THE PAPERBAG PRINCE. By Colin Thompson. Red Fox Pounds 4.99. A fable for older children.

OUTLINE

A poor man’s concern for the environment brings him contentment. The story shows nature’s triumph over humanity’s destructive ways.

SPECIAL QUALITIES

Visually mesmeric. Will intrigue children and introduce them to the realms of fantasy and abstraction.

HOW TO USE IT

Meets national curriculumNational Literacy Project requirements for: Reading

Range: offers “challenging subject matter that broadens perspectives and extends thinking; more complex narrative structures and sustained ideas”; figurative language.

Key skills: reflects requirements that children should consider in detail the quality and depth of what they have read and respond imaginatively to plot, characters and ideas.

Writing

Range: example of writing as a means of developing, organising and communicating ideas, and of various kinds of writing - argument, commentary, narrative.

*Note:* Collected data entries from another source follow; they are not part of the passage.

(* Let $p\ge 1$ and $q\ge 3$ be integers. If $H$ is a graph that is $Q$-cospectral with the jellyfish graph $JFG(p,q)$, then $\det(Q(H))\in\{0,4\}$.
   Context: All graphs are finite and simple. The jellyfish graph $JFG(p,q)$ is obtained from a cycle $C_q$ and $q$ copies of the star $K_{1,p}$ by identifying each vertex of $C_q$ with the center (vertex of maximum degree) of a distinct copy of $K_{1,p}$. The signless Laplacian matrix is $Q(G)=A(G)+D(G)$, with $A(G)$ the adjacency matrix and $D(G)$ the diagonal degree matrix. Two graphs are $Q$-cospectral if their signless Laplacian matrices have the same spectrum. *)

theory Defs
  imports "Jordan_Normal_Form.Determinant" "Jordan_Normal_Form.Char_Poly" "HOL-Computational_Algebra.Fundamental_Theorem_Algebra"
begin

definition simple_graph :: "nat \<Rightarrow> (nat \<Rightarrow> nat \<Rightarrow> bool) \<Rightarrow> bool" where
  "simple_graph n E \<longleftrightarrow> (\<forall>i<n. \<forall>j<n. E i j = E j i) \<and> (\<forall>i<n. \<not> E i i)"

definition degree :: "nat \<Rightarrow> (nat \<Rightarrow> nat \<Rightarrow> bool) \<Rightarrow> nat \<Rightarrow> nat" where
  "degree n E i = card {j. j < n \<and> E i j}"

definition adjacency_matrix :: "nat \<Rightarrow> (nat \<Rightarrow> nat \<Rightarrow> bool) \<Rightarrow> real mat" where
  "adjacency_matrix n E = mat n n (\<lambda>(i, j). if E i j then 1 else 0)"

definition degree_matrix :: "nat \<Rightarrow> (nat \<Rightarrow> nat \<Rightarrow> bool) \<Rightarrow> real mat" where
  "degree_matrix n E = mat n n (\<lambda>(i, j). if i = j then real (degree n E i) else 0)"

definition signless_laplacian :: "nat \<Rightarrow> (nat \<Rightarrow> nat \<Rightarrow> bool) \<Rightarrow> real mat" where
  "signless_laplacian n E = adjacency_matrix n E + degree_matrix n E"

definition mat_spectrum :: "real mat \<Rightarrow> complex multiset" where
  "mat_spectrum M = proots (char_poly (map_mat complex_of_real M))"

definition Q_cospectral ::
  "nat \<Rightarrow> (nat \<Rightarrow> nat \<Rightarrow> bool) \<Rightarrow> nat \<Rightarrow> (nat \<Rightarrow> nat \<Rightarrow> bool) \<Rightarrow> bool" where
  "Q_cospectral n E m F \<longleftrightarrow>
     mat_spectrum (signless_laplacian n E) = mat_spectrum (signless_laplacian m F)"

text \<open>Jellyfish graph JFG(p,q): cycle vertices 0..q-1 (i adjacent to (i+1) mod q);
  pendant vertices q + i*p + k (k < p) attached to cycle vertex i.
  Order q*(p+1).\<close>
definition jfg_order :: "nat \<Rightarrow> nat \<Rightarrow> nat" where
  "jfg_order p q = q * (p + 1)"

definition jfg_adj :: "nat \<Rightarrow> nat \<Rightarrow> nat \<Rightarrow> nat \<Rightarrow> bool" where
  "jfg_adj p q u v \<longleftrightarrow>
     (u < q \<and> v < q \<and> (v = (u + 1) mod q \<or> u = (v + 1) mod q)) \<or>
     (u < q \<and> q \<le> v \<and> v < jfg_order p q \<and> (v - q) div p = u) \<or>
     (v < q \<and> q \<le> u \<and> u < jfg_order p q \<and> (u - q) div p = v)"

end

theory Submission
  imports Defs
begin

text \<open>Write Q(G) = N N^T with N the vertex-edge incidence matrix. JFG(p, q) is unicyclic,
  so N is square, and labelling every edge by one of its ends makes N block triangular, with
  the incidence matrix of the cycle C_q and an identity as diagonal blocks. Hence
  det Q(JFG(p, q)) = (1 + (-1)^(q-1))^2, which is 0 or 4. As det Q is the product of the
  Q-eigenvalues, it is shared by every Q-cospectral graph.\<close>

lemma det_eq_prod_proots_char_poly:
  fixes A :: "complex mat"
  assumes A: "A \<in> carrier_mat n n"
  shows "det A = prod_mset (proots (char_poly A))"
proof -
  obtain as where cp: "char_poly A = (\<Prod>a\<leftarrow>as. [:- a, 1:])" and len: "length as = n"
    using char_poly_factorized[OF A] by blast
  have proots_eq: "proots (char_poly A) = mset as"
  proof -
    have "proots (char_poly A) = (\<Sum>p\<leftarrow>map (\<lambda>a. [:- a, 1:]) as. proots p)"
      unfolding cp by (subst proots_prod_list[symmetric]) (auto simp: o_def)
    also have "\<dots> = mset as" by (induction as) auto
    finally show ?thesis .
  qed
  have "(-1) ^ n * det A = det ((-1) \<cdot>\<^sub>m A)"
    using det_smult[of "-1" A] A by simp
  also have "(-1) \<cdot>\<^sub>m A = - char_matrix A 0"
    using A by (intro eq_matI) (auto simp: char_matrix_def)
  also have "det \<dots> = poly (char_poly A) 0"
    by (rule char_poly_matrix[OF A, symmetric])
  also have "\<dots> = (\<Prod>a\<leftarrow>as. - a)"
    unfolding cp by (induction as) auto
  also have "\<dots> = (-1) ^ n * prod_list as"
    unfolding len[symmetric] by (induction as) auto
  finally have "det A = prod_list as" by simp
  then show ?thesis
    unfolding proots_eq by (simp add: prod_mset_prod_list)
qed

lemma of_real_det_eq_prod_mat_spectrum:
  assumes "M \<in> carrier_mat n n"
  shows "complex_of_real (det M) = prod_mset (mat_spectrum M)"
  unfolding mat_spectrum_def of_real_hom.hom_det[symmetric]
  by (rule det_eq_prod_proots_char_poly[of _ n]) (use assms in auto)

lemma signless_laplacian_carrier: "signless_laplacian n E \<in> carrier_mat n n"
  by (simp add: signless_laplacian_def adjacency_matrix_def degree_matrix_def)

lemma Q_cospectral_det_eq:
  assumes "Q_cospectral n E m F"
  shows "det (signless_laplacian n E) = det (signless_laplacian m F)"
proof -
  have "complex_of_real (det (signless_laplacian n E)) =
        complex_of_real (det (signless_laplacian m F))"
    using assms unfolding Q_cospectral_def
    by (simp add: of_real_det_eq_prod_mat_spectrum[OF signless_laplacian_carrier])
  then show ?thesis by simp
qed

text \<open>Graphs in which every vertex e owns exactly one edge, joining e to f e; column e
  is the incidence vector of that edge.\<close>

definition incidence_mat :: "nat \<Rightarrow> (nat \<Rightarrow> nat) \<Rightarrow> real mat" where
  "incidence_mat n f = mat n n (\<lambda>(u, e). if u = e \<or> u = f e then 1 else 0)"

lemma incidence_mat_carrier: "incidence_mat n f \<in> carrier_mat n n"
  by (simp add: incidence_mat_def)

lemma incidence_mult_transpose_entry:
  assumes "i < n" "j < n"
  shows "(incidence_mat n f * (incidence_mat n f)\<^sup>T) $$ (i, j) =
    real (card {k. k < n \<and> (i = k \<or> i = f k) \<and> (j = k \<or> j = f k)})"
proof -
  have "(incidence_mat n f * (incidence_mat n f)\<^sup>T) $$ (i, j) =
      (\<Sum>k<n. if (i = k \<or> i = f k) \<and> (j = k \<or> j = f k) then 1 else 0)"
    using assms by (auto simp: incidence_mat_def scalar_prod_def lessThan_atLeast0 intro!: sum.cong)
  also have "\<dots> = real (card {k. k < n \<and> (i = k \<or> i = f k) \<and> (j = k \<or> j = f k)})"
    by (simp add: sum.If_cases Int_def)
  finally show ?thesis .
qed

lemma signless_laplacian_eq_incidence_mult_transpose:
  assumes f_lt: "\<And>u. u < n \<Longrightarrow> f u < n"
    and f_neq: "\<And>u. u < n \<Longrightarrow> f u \<noteq> u"
    and f_f_neq: "\<And>u. u < n \<Longrightarrow> f (f u) \<noteq> u"
    and adj: "\<And>u v. u < n \<Longrightarrow> v < n \<Longrightarrow> E u v \<longleftrightarrow> f u = v \<or> f v = u"
  shows "signless_laplacian n E = incidence_mat n f * (incidence_mat n f)\<^sup>T"
proof (rule eq_matI)
  fix i j
  assume "i < dim_row (incidence_mat n f * (incidence_mat n f)\<^sup>T)"
    and "j < dim_col (incidence_mat n f * (incidence_mat n f)\<^sup>T)"
  then have i: "i < n" and j: "j < n"
    by (simp_all add: incidence_mat_def)
  let ?common = "{k. k < n \<and> (i = k \<or> i = f k) \<and> (j = k \<or> j = f k)}"
  have Q_entry: "signless_laplacian n E $$ (i, j) =
      (if E i j then 1 else 0) + (if i = j then real (degree n E i) else 0)"
    using i j by (simp add: signless_laplacian_def adjacency_matrix_def degree_matrix_def)
  show "signless_laplacian n E $$ (i, j) = (incidence_mat n f * (incidence_mat n f)\<^sup>T) $$ (i, j)"
  proof (cases "i = j")
    case True
    let ?children = "{k. k < n \<and> f k = i}"
    have "?common = insert i ?children" and "{k. k < n \<and> E i k} = insert (f i) ?children"
      using True i f_lt f_neq adj[OF i] by auto
    moreover have "i \<notin> ?children" and "f i \<notin> ?children"
      using f_neq[OF i] f_f_neq[OF i] by auto
    ultimately have "card ?common = degree n E i"
      by (simp add: degree_def)
    moreover have "\<not> E i i"
      using adj[OF i i] f_neq[OF i] by simp
    ultimately show ?thesis
      using True i Q_entry incidence_mult_transpose_entry by simp
  next
    case False
    have "?common = (if f i = j then {i} else {}) \<union> (if f j = i then {j} else {})"
      using False i j by auto
    moreover have "\<not> (f i = j \<and> f j = i)"
      using f_f_neq[OF i] by auto
    ultimately have "card ?common = (if E i j then 1 else 0)"
      using adj[OF i j] False by auto
    then show ?thesis
      using False i j Q_entry incidence_mult_transpose_entry by simp
  qed
qed (simp_all add: signless_laplacian_carrier[THEN carrier_matD(1)]
    signless_laplacian_carrier[THEN carrier_matD(2)] incidence_mat_def)

lemma det_mult_transpose_self:
  fixes A :: "'a :: comm_ring_1 mat"
  assumes "A \<in> carrier_mat n n"
  shows "det (A * A\<^sup>T) = (det A)\<^sup>2"
  using assms by (simp add: det_mult[of _ n] det_transpose power2_eq_square)

lemma det_unit_lower_triangular:
  assumes "A \<in> carrier_mat n n"
    and "\<And>i. i < n \<Longrightarrow> A $$ (i, i) = 1"
    and "\<And>i j. i < j \<Longrightarrow> j < n \<Longrightarrow> A $$ (i, j) = 0"
  shows "det A = 1"
proof -
  have "diag_mat A = replicate n 1"
    using assms(1,2) by (intro nth_equalityI) (auto simp: diag_mat_def)
  then show ?thesis
    using assms by (simp add: det_lower_triangular[of n])
qed

lemma det_unit_upper_triangular:
  assumes "A \<in> carrier_mat n n"
    and "\<And>i. i < n \<Longrightarrow> A $$ (i, i) = 1"
    and "\<And>i j. j < i \<Longrightarrow> i < n \<Longrightarrow> A $$ (i, j) = 0"
  shows "det A = 1"
proof -
  have "det A\<^sup>T = 1"
    by (rule det_unit_lower_triangular[of _ n]) (use assms in auto)
  then show ?thesis
    using det_transpose[OF assms(1)] by simp
qed

text \<open>Expanding along row 0, the two nonzero entries sit in columns 0 and q - 1,
  and both minors are unitriangular.\<close>

lemma det_cycle_incidence:
  assumes q: "2 \<le> q"
  shows "det (incidence_mat q (\<lambda>e. Suc e mod q)) = 1 + (-1) ^ (q - 1)"
proof -
  let ?C = "incidence_mat q (\<lambda>e. Suc e mod q)"
  have C: "?C \<in> carrier_mat q q" by (rule incidence_mat_carrier)
  have row0: "?C $$ (0, j) = (if j = 0 \<or> j = q - 1 then 1 else 0)" if "j < q" for j
  proof -
    have "(0 = (j + 1) mod q) \<longleftrightarrow> j = q - 1"
      using that by (cases "j + 1 < q") auto
    then show ?thesis
      using that by (auto simp: incidence_mat_def)
  qed
  have "det ?C = (\<Sum>j<q. ?C $$ (0, j) * cofactor ?C 0 j)"
    using q by (intro laplace_expansion_row[OF C]) simp
  also have "\<dots> = (\<Sum>j\<in>{0, q - 1}. cofactor ?C 0 j)"
    using q row0 by (intro sum.mono_neutral_cong_right) auto
  also have "\<dots> = cofactor ?C 0 0 + cofactor ?C 0 (q - 1)"
    using q by simp
  also have "cofactor ?C 0 0 = 1"
  proof -
    have "det (mat_delete ?C 0 0) = 1"
    proof (rule det_unit_lower_triangular[OF mat_delete_carrier[OF C]])
      fix i j
      assume "i < j" "j < q - 1"
      moreover have "Suc i \<noteq> (Suc j + 1) mod q"
        using \<open>i < j\<close> \<open>j < q - 1\<close> by (cases "Suc j + 1 = q") auto
      ultimately show "mat_delete ?C 0 0 $$ (i, j) = 0"
        by (simp add: mat_delete_def incidence_mat_def)
    qed (simp add: mat_delete_def incidence_mat_def)
    then show ?thesis by (simp add: cofactor_def)
  qed
  also have "cofactor ?C 0 (q - 1) = (-1) ^ (q - 1)"
  proof -
    have "det (mat_delete ?C 0 (q - 1)) = 1"
      by (rule det_unit_upper_triangular[OF mat_delete_carrier[OF C]])
        (auto simp: mat_delete_def incidence_mat_def)
    then show ?thesis by (simp add: cofactor_def)
  qed
  finally show ?thesis .
qed

definition jfg_mate :: "nat \<Rightarrow> nat \<Rightarrow> nat \<Rightarrow> nat" where
  "jfg_mate p q e = (if e < q then Suc e mod q else (e - q) div p)"

lemma jfg_mate_lt:
  assumes "e < jfg_order p q"
  shows "jfg_mate p q e < q"
proof (cases "e < q")
  case False
  then have "e - q < q * p"
    using assms by (simp add: jfg_order_def algebra_simps)
  then show ?thesis
    using False by (simp add: jfg_mate_def less_mult_imp_div_less)
qed (simp add: jfg_mate_def)

lemma jfg_mate_neq:
  assumes "2 \<le> q" "e < jfg_order p q"
  shows "jfg_mate p q e \<noteq> e"
proof (cases "e < q")
  case True
  then show ?thesis
    using assms by (cases "Suc e = q") (auto simp: jfg_mate_def)
next
  case False
  then show ?thesis
    using jfg_mate_lt[OF assms(2)] by simp
qed

lemma jfg_mate_mate_neq:
  assumes "3 \<le> q" "e < jfg_order p q"
  shows "jfg_mate p q (jfg_mate p q e) \<noteq> e"
proof (cases "e < q")
  case True
  then have "jfg_mate p q (jfg_mate p q e) = (e + 2) mod q"
    by (simp add: jfg_mate_def mod_simps)
  moreover have "(e + 2) mod q \<noteq> e"
    using True assms(1) by (cases "e + 2 < q") (auto simp: mod_if)
  ultimately show ?thesis by simp
next
  case False
  have "jfg_mate p q e < jfg_order p q"
    using jfg_mate_lt[OF assms(2)] by (simp add: jfg_order_def)
  then show ?thesis
    using False jfg_mate_lt by fastforce
qed

lemma jfg_adj_iff_mate:
  assumes "2 \<le> q" "u < jfg_order p q" "v < jfg_order p q"
  shows "jfg_adj p q u v \<longleftrightarrow> jfg_mate p q u = v \<or> jfg_mate p q v = u"
  using assms jfg_mate_neq[OF assms(1,2)] jfg_mate_neq[OF assms(1,3)]
    jfg_mate_lt[OF assms(2)] jfg_mate_lt[OF assms(3)]
  unfolding jfg_adj_def by (auto simp: jfg_mate_def)

lemma incidence_jfg_eq_four_block:
  "incidence_mat (jfg_order p q) (jfg_mate p q) =
    four_block_mat (incidence_mat q (\<lambda>e. Suc e mod q))
      (mat q (q * p) (\<lambda>(u, k). if u = k div p then 1 else 0)) (0\<^sub>m (q * p) q) (1\<^sub>m (q * p))"
  by (intro eq_matI)
    (auto simp: jfg_order_def incidence_mat_def jfg_mate_def less_mult_imp_div_less algebra_simps)

lemma det_incidence_jfg:
  assumes "2 \<le> q"
  shows "det (incidence_mat (jfg_order p q) (jfg_mate p q)) = 1 + (-1) ^ (q - 1)"
  unfolding incidence_jfg_eq_four_block
  by (subst det_four_block_mat_lower_left_zero[of _ q _ "q * p"])
    (simp_all add: incidence_mat_carrier det_cycle_incidence[OF assms])

lemma det_signless_laplacian_jfg:
  assumes "3 \<le> q"
  shows "det (signless_laplacian (jfg_order p q) (jfg_adj p q)) = (1 + (-1) ^ (q - 1))\<^sup>2"
proof -
  let ?N = "incidence_mat (jfg_order p q) (jfg_mate p q)"
  have "signless_laplacian (jfg_order p q) (jfg_adj p q) = ?N * ?N\<^sup>T"
  proof (rule signless_laplacian_eq_incidence_mult_transpose)
    fix u
    assume u: "u < jfg_order p q"
    show "jfg_mate p q u < jfg_order p q"
      using jfg_mate_lt[OF u] by (simp add: jfg_order_def)
    show "jfg_mate p q u \<noteq> u"
      using assms jfg_mate_neq[OF _ u] by simp
    show "jfg_mate p q (jfg_mate p q u) \<noteq> u"
      using jfg_mate_mate_neq[OF assms u] .
  next
    fix u v
    assume "u < jfg_order p q" "v < jfg_order p q"
    then show "jfg_adj p q u v \<longleftrightarrow> jfg_mate p q u = v \<or> jfg_mate p q v = u"
      using assms by (intro jfg_adj_iff_mate) simp_all
  qed
  then show ?thesis
    using assms by (simp add: det_mult_transpose_self[OF incidence_mat_carrier] det_incidence_jfg)
qed

theorem lemma3p7:
  fixes p q m :: nat and F :: "nat \<Rightarrow> nat \<Rightarrow> bool"
  assumes "p \<ge> 1" and "q \<ge> 3"
    and "simple_graph m F"
    and "Q_cospectral m F (jfg_order p q) (jfg_adj p q)"
  shows "det (signless_laplacian m F) \<in> {0, 4}"
proof -
  have "det (signless_laplacian m F) = (1 + (-1) ^ (q - 1))\<^sup>2"
    using Q_cospectral_det_eq[OF assms(4)] det_signless_laplacian_jfg[OF assms(2)] by simp
  then show ?thesis
    by (cases "even (q - 1)") auto
qed

end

Key skills: planning and drafting.

Activities

* Use the exchange between the old man and the woman from the council to help pupils “to understand the need for punctuation and to use capitals, full stops, question marks, exclamation marks, quotes and some commas and apostrophes accurately” (NLP sentence level work: grammar and punctuation, Year 5 Term 1).

* Collect words with common roots into families and investigate spelling patterns, for instance: scavenge, average, avenger, vengeful; merge, emerge, emergency (NLP word level work: phonics, spelling and vocabulary, Year 5 Term 1).

* Elements of work for juniors on English, history and geography combine in an uncontrived way. Pupils can explore ideas and viewpoints about moral, social, environmental and economic issues, reflect on particular sets of values and respond to the book’s imaginative treatment of time and space. There is room for activities such as identifying ways in which the main characters represent conflicting lifestyles, or interpreting and using evidence to construct oral and written biographies of the old man.

* Study the meaning and purpose of metaphor by helping pupils focus on the viewpoints and moral positions of the characters, the significance of the Poison Pool, and the use of fantastic illustrations to suggest undreamed-of worlds and possibilities.